Jerusalem-based watchdog group NGO Monitor is accusing the U.N. Human Rights Council of deception and bias for its decision to compile a “blacklist” of companies from or with ties to Israel that operate beyond the Green Line, with the aim of declaring them illegal.

UN Human Rights Council – Photo courtesy: Wikipedia Commons

At the council’s headquarters in Geneva on Monday, members of the watchdog group were set to argue the move by the UNHRC unfairly singles out Israel, while ignoring other conflict zones around the world where international companies are free to do business.

The decision to blacklist the Israeli companies, an initiative prompted by the boycott, divestment and sanctions movement, reportedly aims to bar the presence of any Israeli company beyond the Green Line. If adopted, the list could outlaw even private security firms that protect Israelis in Judea and Samaria from terrorist organizations.

According to NGO Monitor, the blacklist began as a list of all the businesses that operate in Israel, which was then narrowed down to businesses that operate in Judea and Samaria and east Jerusalem. The list includes businesses such as banks and high-tech companies that do not have a physical presence in those areas, but that nevertheless provide services to residents in the disputed areas.

“The UN Human Rights Council is singling out Israel through the misuse of international law and the employment of double standards, similarly to anti-Israel groups such as Amnesty International,” said Prof. Gerald Steinberg, president of NGO Monitor. “The attacks on Israel prove that the entrenched political bias of the council requires immediate action. There are over a dozen situations in which international corporations and companies operate in what is defined as ‘occupied territories’ without any hindrance and with no blacklists.”

NGO Monitor’s legal adviser Anne Herzberg added that “the extensive business activity in occupied territory around the world, which goes unmentioned by the U.N. and NGOs, demonstrates the utter indifference to human rights that are not tied to the U.N.’s obsessive and politicized focus on Israel.”
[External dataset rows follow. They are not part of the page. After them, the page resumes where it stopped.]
lemma convex_on_Hn:
  fixes A :: "real^'n^'m"
  defines "D \<equiv> {L. \<forall>j. 0 < (transpose A *v L) $ j}"
  shows "convex D" and "convex_on D (\<lambda>L. real_of_ereal (Hn A b L))"
proof -
  have D: "D = (*v) (transpose A) -` {x. \<forall>j. 0 < x $ j}" by (auto simp: D_def)
  show cvx: "convex D"
    unfolding D by (rule convex_linear_vimage[OF matrix_vector_mul_linear convex_positive_orthant])
  show "convex_on D (\<lambda>L. real_of_ereal (Hn A b L))"
  proof (rule convex_onI[OF _ cvx])
    fix t :: real and x y assume t: "0 < t" "t < 1" and xy: "x \<in> D" "y \<in> D"
    let ?z = "(1 - t) *\<^sub>R x + t *\<^sub>R y"
    have "?z \<in> D" using cvx xy t by (simp add: convex_def)
    have "(1 - t) * ln ((transpose A *v x) $ j) + t * ln ((transpose A *v y) $ j)
        \<le> ln ((transpose A *v ?z) $ j)" for j
      using concave_onD[OF ln_concave, of t "(transpose A *v x) $ j" "(transpose A *v y) $ j"] t xy
      by (simp add: D_def matrix_vector_right_distrib matrix_vector_mult_scaleR)
    then have "(1 - t) * (\<Sum>j\<in>UNIV. ln ((transpose A *v x) $ j)) + t * (\<Sum>j\<in>UNIV. ln ((transpose A *v y) $ j))
        \<le> (\<Sum>j\<in>UNIV. ln ((transpose A *v ?z) $ j))"
      by (simp add: sum_distrib_left sum.distrib[symmetric] sum_mono)
    moreover have "?z \<bullet> b = (1 - t) * (x \<bullet> b) + t * (y \<bullet> b)"
      by (simp add: inner_add_left)
    moreover have val: "real_of_ereal (Hn A b L) = - (\<Sum>j\<in>UNIV. ln ((transpose A *v L) $ j)) + L \<bullet> b"
      if "L \<in> D" for L
      using that by (simp add: D_def Hn_def)
    ultimately show "real_of_ereal (Hn A b ?z) \<le> (1 - t) * real_of_ereal (Hn A b x) + t * real_of_ereal (Hn A b y)"
      unfolding val[OF \<open>?z \<in> D\<close>] val[OF xy(1)] val[OF xy(2)] by argo
  qed
qed

section \<open>Laplace transform of the orthant\<close>

lemma nn_integral_lborel_vec_prod:
  fixes g :: "'n::finite \<Rightarrow> real \<Rightarrow> ennreal"
  assumes [measurable]: "\<And>j. g j \<in> borel_measurable borel"
  shows "(\<integral>\<^sup>+x. (\<Prod>j\<in>UNIV. g j (x $ j)) \<partial>(lborel :: (real^'n) measure)) = (\<Prod>j\<in>UNIV. \<integral>\<^sup>+t. g j t \<partial>lborel)"
proof -
  define f where "f b = g (SOME j. b = axis j (1::real))" for b :: "real^'n"
  have inj: "inj (\<lambda>j::'n. axis j (1::real))" by (auto simp: inj_on_def axis_eq_axis)
  have f_axis: "f (axis j 1) = g j" for j
    unfolding f_def by (rule arg_cong[where f=g]) (metis (mono_tags, lifting) inj injD someI_ex)
  have "(\<integral>\<^sup>+x. (\<Prod>b\<in>Basis. f b (x \<bullet> b)) \<partial>(lborel :: (real^'n) measure)) = (\<Prod>b\<in>Basis. \<integral>\<^sup>+t. f b t \<partial>lborel)"
    by (rule nn_integral_lborel_prod) (auto simp: Basis_real_vec f_axis)
  then show ?thesis
    by (simp add: Basis_real_vec prod.reindex[OF inj] f_axis inner_axis)
qed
“International law does not prohibit businesses from operating in occupied territories, yet U.N. bureaucracy is again mobilized to deliberately target Israel,” she said. “International rules either apply to everyone or to no one.”

NGO Monitor staff will confront the UNHRC in a series of events to be held at the council’s headquarters in Geneva on Monday and Tuesday. Eugene Kontorovich, who heads the international law department of the nonpartisan think tank Kohelet Policy Forum, is also set to attend.

Kontorovitch will present findings from a new study that reveals the extensive business activity of international corporations in disputed territories such as Northern Cyprus, Western Sahara and the Crimean peninsula at an event for reporters and diplomats Monday afternoon.